DESCRIPTION OF THE TASK
Take the data below. Output it exactly from its first line through the line containing "y = (\<lambda>z.".

● ● ● ● ● ● ●

lemma norm_le_nrm:
  assumes "\<xi> \<in> l2 X0" "x \<in> X0" shows "cmod (\<xi> x) \<le> nrm X0 \<xi>"
proof -
  have "sum (\<lambda>x. sq (\<xi> x)) {x} \<le> infsum (\<lambda>x. sq (\<xi> x)) X0"
    by (rule finite_sum_le_infsum[OF l2_summable[OF assms(1)]]) (use assms(2) in auto)
  then have "sqrt (sq (\<xi> x)) \<le> nrm X0 \<xi>" unfolding nrm_def by (intro real_sqrt_le_mono) simp
  then show ?thesis by simp
qed

lemma nrm_eq_0_imp: "\<xi> \<in> l2 X0 \<Longrightarrow> nrm X0 \<xi> = 0 \<Longrightarrow> \<xi> = (\<lambda>x. 0)"
  using norm_le_nrm[of \<xi> X0] l2_vanishes[of \<xi> X0] by fastforce

definition basis_vec :: "pt \<Rightarrow> pt \<Rightarrow> complex" where
  "basis_vec y = (\<lambda>z. if z = y then 1 else 0)"

lemma basis_vec_in_l2: "y \<in> X0 \<Longrightarrow> basis_vec y \<in> l2 X0"
  and nrm_basis_vec: "y \<in> X0 \<Longrightarrow> nrm X0 (basis_vec y) = 1"
proof -
  assume y: "y \<in> X0"
  have "(\<lambda>x. sq (basis_vec y x)) summable_on X0 \<longleftrightarrow> (\<lambda>x. sq (basis_vec y x)) summable_on {y}"
    by (rule summable_on_cong_neutral) (use y in \<open>auto simp: basis_vec_def\<close>)
  then show "basis_vec y \<in> l2 X0" using y by (auto simp: l2_def basis_vec_def)
  have "infsum (\<lambda>x. sq (basis_vec y x)) X0 = infsum (\<lambda>x. sq (basis_vec y x)) {y}"
    by (rule infsum_cong_neutral) (use y in \<open>auto simp: basis_vec_def\<close>)
  then show "nrm X0 (basis_vec y) = 1" by (simp add: nrm_def basis_vec_def)
qed

lemma sum_comp_le_fibre_bound:
  fixes a :: "pt \<Rightarrow> real"
  assumes F: "finite F" "F \<subseteq> X0" and a: "\<And>y. a y \<ge> 0"
    and fib: "\<forall>y. finite {x\<in>X0. \<phi> x = y} \<and> card {x\<in>X0. \<phi> x = y} \<le> D"
  shows "(\<Sum>x\<in>F. a (\<phi> x)) \<le> D * (\<Sum>y\<in>\<phi> ` F. a y)"
proof -
  have "(\<Sum>x\<in>F. a (\<phi> x)) = (\<Sum>y\<in>\<phi> ` F. \<Sum>x | x \<in> F \<and> \<phi> x = y. a (\<phi> x))"
    by (rule sum.image_gen[OF F(1)])
  also have "\<dots> = (\<Sum>y\<in>\<phi> ` F. real (card {x. x \<in> F \<and> \<phi> x = y}) * a y)"
    by (rule sum.cong) auto
  also have "\<dots> \<le> (\<Sum>y\<in>\<phi> ` F. D * a y)"
  proof (rule sum_mono)
    fix y
    have "card {x. x \<in> F \<and> \<phi> x = y} \<le> card {x\<in>X0. \<phi> x = y}"
      using fib[rule_format, of y] F(2) by (intro card_mono) auto
    then have "card {x. x \<in> F \<and> \<phi> x = y} \<le> D" using fib order.trans by blast
    then show "real (card {x. x \<in> F \<and> \<phi> x = y}) * a y \<le> D * a y"
      using a by (intro mult_right_mono) auto
  qed
  finally show ?thesis by (simp add: sum_distrib_left)
qed

lemma weighted_comp_in_l2:
  assumes xi: "\<xi> \<in> l2 X0" and B: "\<forall>x\<in>X0. cmod (f x) \<le> B"
    and inv: "\<forall>x\<in>X0. \<phi> x \<in> X0" and fib: "\<forall>y. finite {x\<in>X0. \<phi> x = y} \<and> card {x\<in>X0. \<phi> x = y} \<le> D"
  defines "\<eta> \<equiv> (\<lambda>x. if x \<in> X0 then f x * \<xi> (\<phi> x) else 0)"
  shows "\<eta> \<in> l2 X0" "infsum (\<lambda>x. sq (\<eta> x)) X0 \<le> B^2 * D * infsum (\<lambda>x. sq (\<xi> x)) X0"
proof -
  let ?a = "\<lambda>y. sq (\<xi> y)"
  have bound: "sum (\<lambda>x. sq (\<eta> x)) F \<le> B^2 * D * infsum ?a X0" if F: "finite F" "F \<subseteq> X0" for F
  proof (cases "F = {}")
    case True then show ?thesis by (simp add: infsum_nonneg)
  next
    case False
    then obtain x where "x \<in> X0" using F by blast
    then have B0: "B \<ge> 0" using B norm_ge_zero order.trans by blast
    have "sum (\<lambda>x. sq (\<eta> x)) F \<le> sum (\<lambda>x. B^2 * ?a (\<phi> x)) F"
    proof (rule sum_mono)
      fix x assume "x \<in> F"
      then have x: "x \<in> X0" using F by blast
      then have "sq (\<eta> x) = (cmod (f x))^2 * ?a (\<phi> x)" by (simp add: \<eta>_def norm_mult power_mult_distrib)
      also have "\<dots> \<le> B^2 * ?a (\<phi> x)" using B x by (intro mult_right_mono power_mono) auto
      finally show "sq (\<eta> x) \<le> B^2 * ?a (\<phi> x)" .
    qed
    also have "\<dots> = B^2 * sum (\<lambda>x. ?a (\<phi> x)) F" by (simp add: sum_distrib_left)
    also have "\<dots> \<le> B^2 * (D * sum ?a (\<phi> ` F))"
      by (intro mult_left_mono sum_comp_le_fibre_bound[OF F _ fib]) auto
    also have "sum ?a (\<phi> ` F) \<le> infsum ?a X0"
      by (rule finite_sum_le_infsum[OF l2_summable[OF xi]]) (use F inv in auto)
    finally show ?thesis using B0 by (simp add: mult_left_mono mult.assoc)
  qed
  have summ: "(\<lambda>x. sq (\<eta> x)) summable_on X0"
  proof (rule nonneg_bdd_above_summable_on)
    show "bdd_above (sum (\<lambda>x. sq (\<eta> x)) ` {F. F \<subseteq> X0 \<and> finite F})"
      using bound by (intro bdd_aboveI[of _ "B^2 * D * infsum ?a X0"]) auto
  qed simp
  then show "\<eta> \<in> l2 X0" by (simp add: l2_def \<eta>_def)
  show "infsum (\<lambda>x. sq (\<eta> x)) X0 \<le> B^2 * D * infsum (\<lambda>x. sq (\<xi> x)) X0"
    using bound by (intro infsum_le_finite_sums summ) auto
qed

lemma bops_bound: "T \<in> bops X0 \<Longrightarrow> \<exists>C\<ge>0. \<forall>\<xi>\<in>l2 X0. nrm X0 (T \<xi>) \<le> C * nrm X0 \<xi>"
proof -
  assume "T \<in> bops X0"
  then obtain C where C: "\<forall>\<xi>\<in>l2 X0. nrm X0 (T \<xi>) \<le> C * nrm X0 \<xi>" unfolding bops_def by blast
  have "\<forall>\<xi>\<in>l2 X0. nrm X0 (T \<xi>) \<le> max C 0 * nrm X0 \<xi>"
    using C nrm_nonneg by (meson max.cobounded1 mult_right_mono order.trans)
  then show ?thesis by (intro exI[of _ "max C 0"]) simp
qed

lemma bops_l2: "T \<in> bops X0 \<Longrightarrow> \<xi> \<in> l2 X0 \<Longrightarrow> T \<xi> \<in> l2 X0"
  unfolding bops_def by blast

lemma bops_cmult: "T \<in> bops X0 \<Longrightarrow> \<xi> \<in> l2 X0 \<Longrightarrow> T (\<lambda>x. c * \<xi> x) = (\<lambda>x. c * T \<xi> x)"
  unfolding bops_def by blast

lemma bops_add:
  "T \<in> bops X0 \<Longrightarrow> \<xi> \<in> l2 X0 \<Longrightarrow> \<eta> \<in> l2 X0 \<Longrightarrow> T (\<lambda>x. \<xi> x + \<eta> x) = (\<lambda>x. T \<xi> x + T \<eta> x)"
  unfolding bops_def by blast

lemma bops_vanishes: "T \<in> bops X0 \<Longrightarrow> \<xi> \<notin> l2 X0 \<Longrightarrow> T \<xi> = (\<lambda>x. 0)"
  unfolding bops_def by blast

lemma bops_diff:
  assumes T: "T \<in> bops X0" and A: "A \<in> bops X0"
  shows "(\<lambda>\<xi> x. T \<xi> x - A \<xi> x) \<in> bops X0"
proof -
  obtain C1 where C1: "\<forall>\<xi>\<in>l2 X0. nrm X0 (T \<xi>) \<le> C1 * nrm X0 \<xi>" using bops_bound[OF T] by blast
  obtain C2 where C2: "\<forall>\<xi>\<in>l2 X0. nrm X0 (A \<xi>) \<le> C2 * nrm X0 \<xi>" using bops_bound[OF A] by blast
  have "nrm X0 (\<lambda>x. T \<xi> x - A \<xi> x) \<le> (2 * (C1 + C2)) * nrm X0 \<xi>" if "\<xi> \<in> l2 X0" for \<xi>
  proof -
    have "nrm X0 (\<lambda>x. T \<xi> x - A \<xi> x) \<le> 2 * (nrm X0 (T \<xi>) + nrm X0 (A \<xi>))"
      by (rule nrm_diff_le[OF bops_l2[OF T that] bops_l2[OF A that]])
    also have "\<dots> \<le> 2 * (C1 * nrm X0 \<xi> + C2 * nrm X0 \<xi>)"
      using C1 C2 that by (intro mult_left_mono add_mono) auto
    finally show ?thesis by (simp add: algebra_simps)
  qed
  then show ?thesis
    unfolding bops_def
  proof (intro CollectI conjI allI ballI impI exI)
    fix \<xi> assume "\<xi> \<notin> l2 X0"
    then show "(\<lambda>x. T \<xi> x - A \<xi> x) = (\<lambda>x. 0)" using bops_vanishes T A by simp
  next
    fix \<xi> assume "\<xi> \<in> l2 X0"
    then show "(\<lambda>x. T \<xi> x - A \<xi> x) \<in> l2 X0" using l2_diff bops_l2 T A by blast
  next
    fix \<xi> \<eta> assume "\<xi> \<in> l2 X0" "\<eta> \<in> l2 X0"
    then show "(\<lambda>x. T (\<lambda>x. \<xi> x + \<eta> x) x - A (\<lambda>x. \<xi> x + \<eta> x) x)
        = (\<lambda>x. (T \<xi> x - A \<xi> x) + (T \<eta> x - A \<eta> x))"
      by (simp add: bops_add[OF T] bops_add[OF A] algebra_simps)
  next
    fix c \<xi> assume "\<xi> \<in> l2 X0"
    then show "(\<lambda>x. T (\<lambda>x. c * \<xi> x) x - A (\<lambda>x. c * \<xi> x) x) = (\<lambda>x. c * (T \<xi> x - A \<xi> x))"
      by (simp add: bops_cmult[OF T] bops_cmult[OF A] right_diff_distrib)
  qed
qed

● ● ● ● ● ● ●

ANSWER FOR THE TASK
lemma norm_le_nrm:
  assumes "\<xi> \<in> l2 X0" "x \<in> X0" shows "cmod (\<xi> x) \<le> nrm X0 \<xi>"
proof -
  have "sum (\<lambda>x. sq (\<xi> x)) {x} \<le> infsum (\<lambda>x. sq (\<xi> x)) X0"
    by (rule finite_sum_le_infsum[OF l2_summable[OF assms(1)]]) (use assms(2) in auto)
  then have "sqrt (sq (\<xi> x)) \<le> nrm X0 \<xi>" unfolding nrm_def by (intro real_sqrt_le_mono) simp
  then show ?thesis by simp
qed

lemma nrm_eq_0_imp: "\<xi> \<in> l2 X0 \<Longrightarrow> nrm X0 \<xi> = 0 \<Longrightarrow> \<xi> = (\<lambda>x. 0)"
  using norm_le_nrm[of \<xi> X0] l2_vanishes[of \<xi> X0] by fastforce

definition basis_vec :: "pt \<Rightarrow> pt \<Rightarrow> complex" where
  "basis_vec y = (\<lambda>z. if z = y then 1 else 0)"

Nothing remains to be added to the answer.